Here are some examples. I have a match object that knows how to draw a (glyco)peptide spectrum match, and a list of PeakPath objects called paths which I'll draw a random selection from:

art = match.plot()
draw_ladder(
    art.ax,
    paths[0],
    match.scan,
    peak_line_options={"color": "blue", "linestyle": "--"},
    seq_line_options={"color": "blue"},
)

draw_ladder(
    art.ax,
    paths[7],
    match.scan,
    peak_line_options={"color": "red", "linestyle": "--"},
    seq_line_options={"color": "red"},
)

Another, different, spectrum to show it's not magic-numbered for the first one:

art = match2.plot()
draw_ladder(art.ax, paths2[0], match2.scan, peak_line_options={"linestyle": '--'})

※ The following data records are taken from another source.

(* Let $D'$ be a digraph and $T$ a 1-optimal out-branching of $D'$. For each $v\in V(T)$ define the bag $X_v=\{u,v\}\cup \mathrm{BrSucc}(T)\cup\mathrm{Leaf}(T)\cup\mathrm{Head}(\mathrm{Back}_{D'}^T(v))$, where $u$ is the in-neighbor of $v$ in $T$ (and $u$ is omitted if $v$ is the root of $T$). Then $(\{X_v: v\in V(T)\}, T)$, with $T$ regarded as an undirected tree, is a tree decomposition of $D'$ (with arc directions ignored).
   Context: An out-tree is a subgraph that is a tree (ignoring directions) with one vertex (the root) of in-degree $0$ and all others of in-degree $1$; an out-branching is a spanning out-tree. $\mathrm{Leaf}(T)$ is the set of vertices of out-degree $0$ in $T$; a branch vertex has out-degree at least $2$ in $T$; $\mathrm{BrSucc}(T)$ is the set of vertices whose in-neighbor in $T$ is a branch vertex. Write $u\preceq_T v$ if $v$ is reachable from $u$ in $T$, $u\prec_T v$ if also $u\ne v$. $\mathrm{Back}_{D'}^T(z)=\{(a,b)\in A(D'): b\prec_T z\preceq_T a\}$, and $\mathrm{Head}(B)$ is the set of heads of arcs of $B$. For an arc $(a,b)\in A(D')\setminus A(T)$ with $b$ not the root, the 1-change for $(a,b)$ replaces the arc of $T$ entering $b$ by $(a,b)$. $T$ is 1-optimal if no 1-change yields an out-branching with more leaves. A tree decomposition of a digraph is a pair consisting of a tree $U$ and bags $X_i\subseteq V$ ($i\in V(U)$) covering all vertices, such that each arc has both endpoints in some bag and, for each vertex, the nodes whose bags contain it form a subtree of $U$. *)

theory Defs
  imports Main
begin

definition digraph :: "'a set \<Rightarrow> ('a \<times> 'a) set \<Rightarrow> bool" where
  "digraph V A \<longleftrightarrow> finite V \<and> A \<subseteq> V \<times> V"

definition uconnected :: "'a set \<Rightarrow> 'a set set \<Rightarrow> bool" where
  "uconnected S E \<longleftrightarrow>
     (\<forall>i\<in>S. \<forall>j\<in>S. (i, j) \<in> {(p, q). p \<in> S \<and> q \<in> S \<and> {p, q} \<in> E}\<^sup>*)"

definition has_ucycle :: "'a set \<Rightarrow> 'a set set \<Rightarrow> bool" where
  "has_ucycle N E \<longleftrightarrow> (\<exists>vs. length vs \<ge> 3 \<and> distinct vs \<and> set vs \<subseteq> N \<and>
      (\<forall>i. Suc i < length vs \<longrightarrow> {vs ! i, vs ! Suc i} \<in> E) \<and> {last vs, hd vs} \<in> E)"

definition utree :: "'a set \<Rightarrow> 'a set set \<Rightarrow> bool" where
  "utree N E \<longleftrightarrow> finite N \<and> N \<noteq> {} \<and>
     (\<forall>e\<in>E. \<exists>a b. e = {a, b} \<and> a \<noteq> b \<and> a \<in> N \<and> b \<in> N) \<and>
     uconnected N E \<and> \<not> has_ucycle N E"

definition uedges :: "('a \<times> 'a) set \<Rightarrow> 'a set set" where
  "uedges B = {{a, b} | a b. (a, b) \<in> B}"

definition indeg :: "('a \<times> 'a) set \<Rightarrow> 'a \<Rightarrow> nat" where
  "indeg B v = card {u. (u, v) \<in> B}"

definition outdeg :: "('a \<times> 'a) set \<Rightarrow> 'a \<Rightarrow> nat" where
  "outdeg B v = card {w. (v, w) \<in> B}"

definition out_tree :: "'a set \<Rightarrow> ('a \<times> 'a) set \<Rightarrow> bool" where
  "out_tree VT B \<longleftrightarrow> B \<subseteq> VT \<times> VT \<and> utree VT (uedges B) \<and>
     (\<exists>r\<in>VT. indeg B r = 0 \<and> (\<forall>v\<in>VT - {r}. indeg B v = 1))"

definition out_branching :: "'a set \<Rightarrow> ('a \<times> 'a) set \<Rightarrow> ('a \<times> 'a) set \<Rightarrow> bool" where
  "out_branching V A T \<longleftrightarrow> T \<subseteq> A \<and> out_tree V T"

definition out_root :: "'a set \<Rightarrow> ('a \<times> 'a) set \<Rightarrow> 'a" where
  "out_root V T = (THE r. r \<in> V \<and> indeg T r = 0)"

definition Leaf :: "'a set \<Rightarrow> ('a \<times> 'a) set \<Rightarrow> 'a set" where
  "Leaf V T = {v \<in> V. outdeg T v = 0}"

definition branch_vertex :: "('a \<times> 'a) set \<Rightarrow> 'a \<Rightarrow> bool" where
  "branch_vertex T v \<longleftrightarrow> outdeg T v \<ge> 2"

definition BrSucc :: "('a \<times> 'a) set \<Rightarrow> 'a set" where
  "BrSucc T = {w. \<exists>v. (v, w) \<in> T \<and> branch_vertex T v}"

definition preceq :: "('a \<times> 'a) set \<Rightarrow> 'a \<Rightarrow> 'a \<Rightarrow> bool" where
  "preceq T u v \<longleftrightarrow> (u, v) \<in> T\<^sup>*"

definition prec :: "('a \<times> 'a) set \<Rightarrow> 'a \<Rightarrow> 'a \<Rightarrow> bool" where
  "prec T u v \<longleftrightarrow> preceq T u v \<and> u \<noteq> v"

definition Back :: "('a \<times> 'a) set \<Rightarrow> ('a \<times> 'a) set \<Rightarrow> 'a \<Rightarrow> ('a \<times> 'a) set" where
  "Back A T z = {(a, b) \<in> A. prec T b z \<and> preceq T z a}"

definition Head :: "('a \<times> 'a) set \<Rightarrow> 'a set" where
  "Head B = snd ` B"

definition one_change :: "('a \<times> 'a) set \<Rightarrow> 'a \<times> 'a \<Rightarrow> ('a \<times> 'a) set" where
  "one_change T e = {(x, y) \<in> T. y \<noteq> snd e} \<union> {e}"

definition one_optimal :: "'a set \<Rightarrow> ('a \<times> 'a) set \<Rightarrow> ('a \<times> 'a) set \<Rightarrow> bool" where
  "one_optimal V A T \<longleftrightarrow> out_branching V A T \<and>
     (\<forall>(a, b) \<in> A - T. b \<noteq> out_root V T \<longrightarrow>
        out_branching V A (one_change T (a, b)) \<longrightarrow>
        \<not> card (Leaf V (one_change T (a, b))) > card (Leaf V T))"

definition tree_decomposition ::
  "'a set \<Rightarrow> ('a \<times> 'a) set \<Rightarrow> 'i set \<Rightarrow> 'i set set \<Rightarrow> ('i \<Rightarrow> 'a set) \<Rightarrow> bool" where
  "tree_decomposition V A N E X \<longleftrightarrow> utree N E \<and>
     (\<forall>i\<in>N. X i \<subseteq> V) \<and> (\<Union>i\<in>N. X i) = V \<and>
     (\<forall>(x, y)\<in>A. \<exists>i\<in>N. x \<in> X i \<and> y \<in> X i) \<and>
     (\<forall>x\<in>V. uconnected {i \<in> N. x \<in> X i} E)"

end

theory Submission
  imports Defs
begin

text \<open>
  An out-branching is the same as an assignment of unique parents under which every vertex is
  reachable from the root. Depths along T are then well defined, which rules out undirected
  cycles and shows that a 1-change avoiding the subtree of its head is again an out-branching.

  A vertex x that is neither a leaf nor a successor of a branch vertex lies in the bag of i only
  if i = x, i is a child of x, or x \<prec> i \<preceq> a for an arc (a, x); in each case the
  whole T-path from x to i consists of such vertices, so these bags form a subtree.

  An arc (a, b) lies in a common bag unless b is not below a, a is not a leaf and b is not a
  successor of a branch vertex. But then b is the only child of its parent p, and the 1-change
  for (a, b) is an out-branching in which p has become a leaf and a is still no leaf,
  contradicting 1-optimality.
\<close>

lemma finite_in_arcs: "finite V \<Longrightarrow> T \<subseteq> V \<times> V \<Longrightarrow> finite {u. (u, v) \<in> T}"
  by (rule finite_subset[of _ V]) auto

lemma finite_out_arcs: "finite V \<Longrightarrow> T \<subseteq> V \<times> V \<Longrightarrow> finite {w. (v, w) \<in> T}"
  by (rule finite_subset[of _ V]) auto

definition rooted :: "'a set \<Rightarrow> ('a \<times> 'a) set \<Rightarrow> 'a \<Rightarrow> bool" where
  "rooted V T r \<longleftrightarrow> finite V \<and> T \<subseteq> V \<times> V \<and> r \<in> V \<and> (\<forall>u. (u, r) \<notin> T) \<and>
     (\<forall>v\<in>V - {r}. \<exists>!u. (u, v) \<in> T) \<and> (\<forall>v\<in>V. (r, v) \<in> T\<^sup>*)"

And then normalizing the intensity scale for the second spectrum:

Some notes on the implementation:

I do not attempt to deal with paths which change charge states part way through. This type of annotation is simply un-suited to it.
I still use some pseudo-magic numbers when setting up the base scaling transform. Increase the x-portion of the transform to make the letters wider, but you probably won't want to do that because if they are too wide they don't fit in the space provided, especially the low mass amino acids like G and A.
I use an object model that needs to be told about peaks which doesn't quite match what the original request is. I do not think adding control characters to a string is the ideal way specify this when you might have anything in the peptide sequence specification.

Since I didn't directly implement this against spectrum_utils and we disagree over input signatures, does this motivate anyone to talk about how would be most convenient to signify the ladder path you want to draw so this could go from extra long comment to a PR?

bittremieux · 2022-10-11T17:14:14Z

Thanks Joshua! This is a great start to the discussion. I'll be out of town until the end of the month, but if you're up for it, we should discuss this in more detail in November.

mobiusklein · 2022-10-11T22:49:10Z

Sure. I may have refined this a bit by then for figure making.

bittremieux · 2023-07-04T19:31:19Z

I'm trying to come up with something and would like to get your opinions.

I think this is more or less what was requested. (As a next step we can try to add the ladder as well, but first I want to get this functionality figured out.)

A few questions:

The sequence is the amino acids only, no modifications because those would lead to random residue widths. This could be considered a bit misleading/confusing though. Is this acceptable or do people have recommendations on how to optimize this?
Currently I only indicate fragments for singly-charged and canonical fragments. Should additional charge states, losses, etc., be considered as well and should that somehow be reflected in the annotated peptide sequence?
I suggest to only allow a single of a/b/c (downward facing) and x/y/z (upward facing) fragment indications, otherwise it would get pretty messy. Thoughts?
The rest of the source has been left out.